The position of the heart with its apex pointing to the left means that the left lung is smaller than the right and has only two lobes, which are separated by the oblique fissure. The right lung has both horizontal (upper) and oblique (lower) fissures dividing it into three lobes (Figure 5.1).

The muscles of respiration are the diaphragm upon which the bases of the lungs rest and the intercostal muscles. During inspiration the diaphragm flattens and the intercostal muscles contract to elevate the ribs. Intrathoracic pressure falls as air is forced under atmospheric pressure into the lungs. Expiration is a passive process resulting from elastic recoil of the muscles. Abnormalities of lung function or structure may change the normal anatomy and physiology of respiration, for example as a result of over-inflation of the lungs (COPD, page 133). Muscle and neurological diseases can also affect muscle function adversely, and abnormalities of the control of breathing in the respiratory centres of the brain in the pons and medulla can interfere with normal breathing patterns.

During the respiratory examination, keep in mind the surface anatomy (Figure 5.1) of the lungs and try to decide which lobes are affected.

Positioning the patient

The patient should be undressed to the waist.3 Women should wear a gown or have a towel or some clothing to cover their breasts when the front of the chest is not being examined. If the patient is not acutely ill, the examination is easiest to perform with him or her sitting over the edge of the bed or on a chair.

General appearance

If the patient is an inpatient in hospital, look around the bed for oxygen masks, metered dose inhalers (puffers) and other medications, and the presence of a sputum mug. Then make a deliberate point of looking for the following signs before beginning the detailed examination.

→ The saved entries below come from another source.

theorem proposition4p2:
  fixes f :: "('a::{real_inner,complete_space} \<times> 'b::{real_inner,complete_space}) \<Rightarrow> ereal"
    and L :: "'a \<times> 'b \<Rightarrow> real"
    and G :: "'a \<times> 'b \<Rightarrow> 'a \<times> 'b"
    and \<kappa> \<epsilon> :: real
    and \<gamma> :: "nat \<Rightarrow> real"
    and a1 b1 c1 x1 y1 p1 q1 :: "nat \<Rightarrow> 'a"
    and a2 b2 c2 x2 y2 p2 q2 :: "nat \<Rightarrow> 'b"
  assumes chi_pos: "0 < \<kappa>"
    and f_Gamma0: "Gamma0 f"
    and L_grad: "\<And>z. GDERIV L z :> G z"
    and G_lip: "lipschitz_on \<kappa> UNIV G"
    and L_concave: "\<And>u1. concave_on UNIV (\<lambda>u2. L (u1, u2))"
    and L_convex: "\<And>u2. convex_on UNIV (\<lambda>u1. L (u1, u2))"
    and sol: "\<exists>z1 z2. (- fst (G (z1, z2)), snd (G (z1, z2))) \<in> subdiff f (z1, z2)"
    and eps: "0 < \<epsilon>" "\<epsilon> < 1 / (\<kappa> + 1)"
    and gamma: "\<And>n. \<epsilon> \<le> \<gamma> n \<and> \<gamma> n \<le> (1 - \<epsilon>) / \<kappa>"
    and sa1: "summable (\<lambda>n. norm (a1 n))" and sb1: "summable (\<lambda>n. norm (b1 n))"
    and sc1: "summable (\<lambda>n. norm (c1 n))"
    and sa2: "summable (\<lambda>n. norm (a2 n))" and sb2: "summable (\<lambda>n. norm (b2 n))"
    and sc2: "summable (\<lambda>n. norm (c2 n))"
    and y1_def: "\<And>n. y1 n = x1 n - \<gamma> n *\<^sub>R (fst (G (x1 n, x2 n)) + a1 n)"
    and y2_def: "\<And>n. y2 n = x2 n + \<gamma> n *\<^sub>R (snd (G (x1 n, x2 n)) + a2 n)"
    and p_def: "\<And>n. (p1 n, p2 n) = prox (\<lambda>z. ereal (\<gamma> n) * f z) (y1 n, y2 n) + (b1 n, b2 n)"
    and q1_def: "\<And>n. q1 n = p1 n - \<gamma> n *\<^sub>R (fst (G (p1 n, p2 n)) + c1 n)"
    and q2_def: "\<And>n. q2 n = p2 n + \<gamma> n *\<^sub>R (snd (G (p1 n, p2 n)) + c2 n)"
    and x1_step: "\<And>n. x1 (Suc n) = x1 n - y1 n + q1 n"
    and x2_step: "\<And>n. x2 (Suc n) = x2 n - y2 n + q2 n"
  shows "\<exists>xb1 xb2.
           xb1 \<in> Argmin (\<lambda>x. f (x, xb2) + ereal (L (x, xb2))) \<and>
           xb2 \<in> Argmin (\<lambda>x. f (xb1, x) - ereal (L (xb1, x))) \<and>
           weak_conv x1 xb1 \<and> weak_conv p1 xb1 \<and>
           weak_conv x2 xb2 \<and> weak_conv p2 xb2"
proof -
  interpret convex_concave L G
    using L_grad L_concave L_convex by unfold_locales
  define Z P A C E where "Z n = (x1 n, x2 n)" and "P n = (p1 n, p2 n)"
    and "A n = (a1 n, - a2 n)" and "C n = (c1 n, - c2 n)" and "E n = (b1 n, b2 n)" for n
  interpret tseng_iteration f saddle_operator \<kappa> \<epsilon> \<gamma> A C E Z P
  proof unfold_locales
    show "\<exists>z. - saddle_operator z \<in> subdiff f z"
      using sol unfolding saddle_operator_def by auto
    show "summable (\<lambda>n. norm (A n))" "summable (\<lambda>n. norm (C n))" "summable (\<lambda>n. norm (E n))"
      unfolding A_def C_def E_def using sa1 sa2 sc1 sc2 sb1 sb2 by (simp_all add: summable_norm_Pair)
    show "P n = prox (\<lambda>z. ereal (\<gamma> n) * f z) (Z n - \<gamma> n *\<^sub>R (saddle_operator (Z n) + A n)) + E n" for n
      using p_def[of n] unfolding P_def Z_def A_def E_def saddle_operator_def y1_def y2_def
      by (simp add: algebra_simps)
    show "Z (Suc n) = P n + \<gamma> n *\<^sub>R (saddle_operator (Z n) + A n) - \<gamma> n *\<^sub>R (saddle_operator (P n) + C n)" for n
      unfolding Z_def P_def A_def C_def saddle_operator_def x1_step x2_step y1_def y2_def q1_def q2_def
      by (simp add: algebra_simps)
  qed (use f_Gamma0 saddle_operator_monotone saddle_operator_lipschitz[OF G_lip] chi_pos eps gamma in auto)
  obtain xb1 xb2 where "(xb1, xb2) \<in> zeros" "weak_conv Z (xb1, xb2)" "weak_conv P (xb1, xb2)"
    using weak_convergence by auto
  then show ?thesis
    using saddle_point_if_subdiff[OF f_proper] weak_conv_PairD[of x1 x2] weak_conv_PairD[of p1 p2]
    unfolding zeros_def Z_def[abs_def] P_def[abs_def] by blast
qed

end
(* Let $G$ be a cubical $\omega$-category with connections, $n\ge1$, and $1\le j\le n-1$. For an $n$-shell $z=(z^-_1,z^+_1,\dots,z^-_n,z^+_n)$ define $\psi_jz=w=(w^\alpha_i)$ by: $w^\alpha_i=\psi_{j-1}z^\alpha_i$ for $i<j$; $w^-_j=z^-_j\circ_jz^+_{j+1}$; $w^+_j=z^-_{j+1}\circ_jz^+_j$; $w^\alpha_{j+1}=\varepsilon_j\partial^\alpha_jz^\alpha_{j+1}$; $w^\alpha_i=\psi_jz^\alpha_i$ for $i>j+1$. Then all these composites are defined, $\psi_jz$ is again an $n$-shell, and $\psi_j\partial=\partial\psi_j:G_n\to\square G_{n-1}$, where $\partial x=(\partial^-_1x,\partial^+_1x,\dots,\partial^-_nx,\partial^+_nx)$.
   Context: A cubical $\omega$-category with connections $G$ consists of sets $G_n$ ($n\ge0$), face maps $\partial^\alpha_i:G_n\to G_{n-1}$, degeneracies $\varepsilon_i:G_{n-1}\to G_n$, connections $\Gamma^\alpha_i:G_n\to G_{n+1}$ ($1\le i\le n$, $\alpha=\pm$) and partial compositions $\circ_j$ on $G_n$ ($1\le j\le n$, $a\circ_jb$ defined iff $\partial^+_ja=\partial^-_jb$) satisfying: $\partial^\alpha_i\partial^\beta_j=\partial^\beta_{j-1}\partial^\alpha_i$ ($i<j$), $\varepsilon_i\varepsilon_j=\varepsilon_{j+1}\varepsilon_i$ ($i\le j$), $\partial^\alpha_i\varepsilon_j=\varepsilon_{j-1}\partial^\alpha_i$ ($i<j$), $\varepsilon_j\partial^\alpha_{i-1}$ ($i>j$), $\mathrm{id}$ ($i=j$); $\Gamma^\alpha_i\Gamma^\beta_j=\Gamma^\beta_{j+1}\Gamma^\alpha_i$ ($i<j$), $\Gamma^\alpha_i\Gamma^\alpha_i=\Gamma^\alpha_{i+1}\Gamma^\alpha_i$, $\Gamma^\alpha_i\varepsilon_j=\varepsilon_{j+1}\Gamma^\alpha_i$ ($i<j$), $\varepsilon_j\Gamma^\alpha_{i-1}$ ($i>j$), $\Gamma^\alpha_j\varepsilon_j=\varepsilon_{j+1}\varepsilon_j$, $\partial^\alpha_i\Gamma^\beta_j=\Gamma^\beta_{j-1}\partial^\alpha_i$ ($i<j$), $\Gamma^\beta_j\partial^\alpha_{i-1}$ ($i>j+1$), $\partial^\alpha_j\Gamma^\alpha_j=\partial^\alpha_{j+1}\Gamma^\alpha_j=\mathrm{id}$, $\partial^\alpha_j\Gamma^{-\alpha}_j=\partial^\alpha_{j+1}\Gamma^{-\alpha}_j=\varepsilon_j\partial^\alpha_j$; $\partial^-_j(a\circ_jb)=\partial^-_ja$, $\partial^+_j(a\circ_jb)=\partial^+_jb$, $\partial^\alpha_i(a\circ_jb)=\partial^\alpha_ia\circ_{j-1}\partial^\alpha_ib$ ($i<j$), $\partial^\alpha_ia\circ_j\partial^\alpha_ib$ ($i>j$); interchange $(a\circ_ib)\circ_j(c\circ_id)=(a\circ_jc)\circ_i(b\circ_jd)$ for $i\ne j$; $\varepsilon_i(a\circ_jb)=\varepsilon_ia\circ_{j+1}\varepsilon_ib$ ($i\le j$), $\varepsilon_ia\circ_j\varepsilon_ib$ ($i>j$); $\Gamma^\alpha_i(a\circ_jb)=\Gamma^\alpha_ia\circ_{j+1}\Gamma^\alpha_ib$ ($i<j$), $\Gamma^\alpha_ia\circ_j\Gamma^\alpha_ib$ ($i>j$); $\Gamma^+_j(a\circ_jb)=(\Gamma^+_ja\circ_j\varepsilon_ja)\circ_{j+1}(\varepsilon_{j+1}a\circ_j\Gamma^+_jb)$, $\Gamma^-_j(a\circ_jb)=(\Gamma^-_ja\circ_j\varepsilon_{j+1}b)\circ_{j+1}(\varepsilon_jb\circ_j\Gamma^-_jb)$; each $\circ_j$ is a category structure with identities $\varepsilon_jy$; $\Gamma^+_ix\circ_i\Gamma^-_ix=\varepsilon_{i+1}x$, $\Gamma^+_ix\circ_{i+1}\Gamma^-_ix=\varepsilon_ix$. Folding operation on $G_m$: $\psi_ix=\Gamma^+_i\partial^-_{i+1}x\circ_{i+1}x\circ_{i+1}\Gamma^-_i\partial^+_{i+1}x$ for $1\le i\le m-1$. An $n$-shell in $G$ is a $2n$-tuple $z=(z^-_1,z^+_1,\dots,z^-_n,z^+_n)$ of elements of $G_{n-1}$ with $\partial^\alpha_iz^\beta_j=\partial^\beta_{j-1}z^\alpha_i$ whenever $i<j$; the set of $n$-shells is $\square G_{n-1}$. *)

theory Defs
  imports Main
begin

Characteristic signs of chronic obstructive pulmonary disease (COPD)a

Look to see whether the accessory muscles of respiration are being used. This is a sign of an increase in the work of breathing, and COPD is an important cause. These muscles include the sternomastoids, the platysma and the strap muscles of the neck. Characteristically the accessory muscles cause elevation of the shoulders with inspiration, and aid respiration by increasing chest expansion. Contraction of the abdominal muscles may occur in expiration in patients with obstructed airways. Patients with severe COPD often have indrawing of the intercostal and supraclavicular spaces during inspiration. This is due to a delayed increase in lung volume despite the generation of large negative pleural pressures.

In some cases, the pattern of breathing is diagnostically helpful (Table 5.11). Look for pursed-lips breathing, which is characteristic of patients with severe COPD. This manoeuvre reduces the patient’s breathlessness, possibly by providing continuous positive airways pressure and helping to prevent airways collapse during expiration. Patients with severe COPD may feel more comfortable leaning forward with their arms on their knees. This position compresses the abdomen and pushes the diaphragm upwards. This partly restores its normal domed shape and improves its effectiveness during inspiration. Increased diaphragmatic movements may cause downward displacement of the trachea during inspiration—tracheal tug.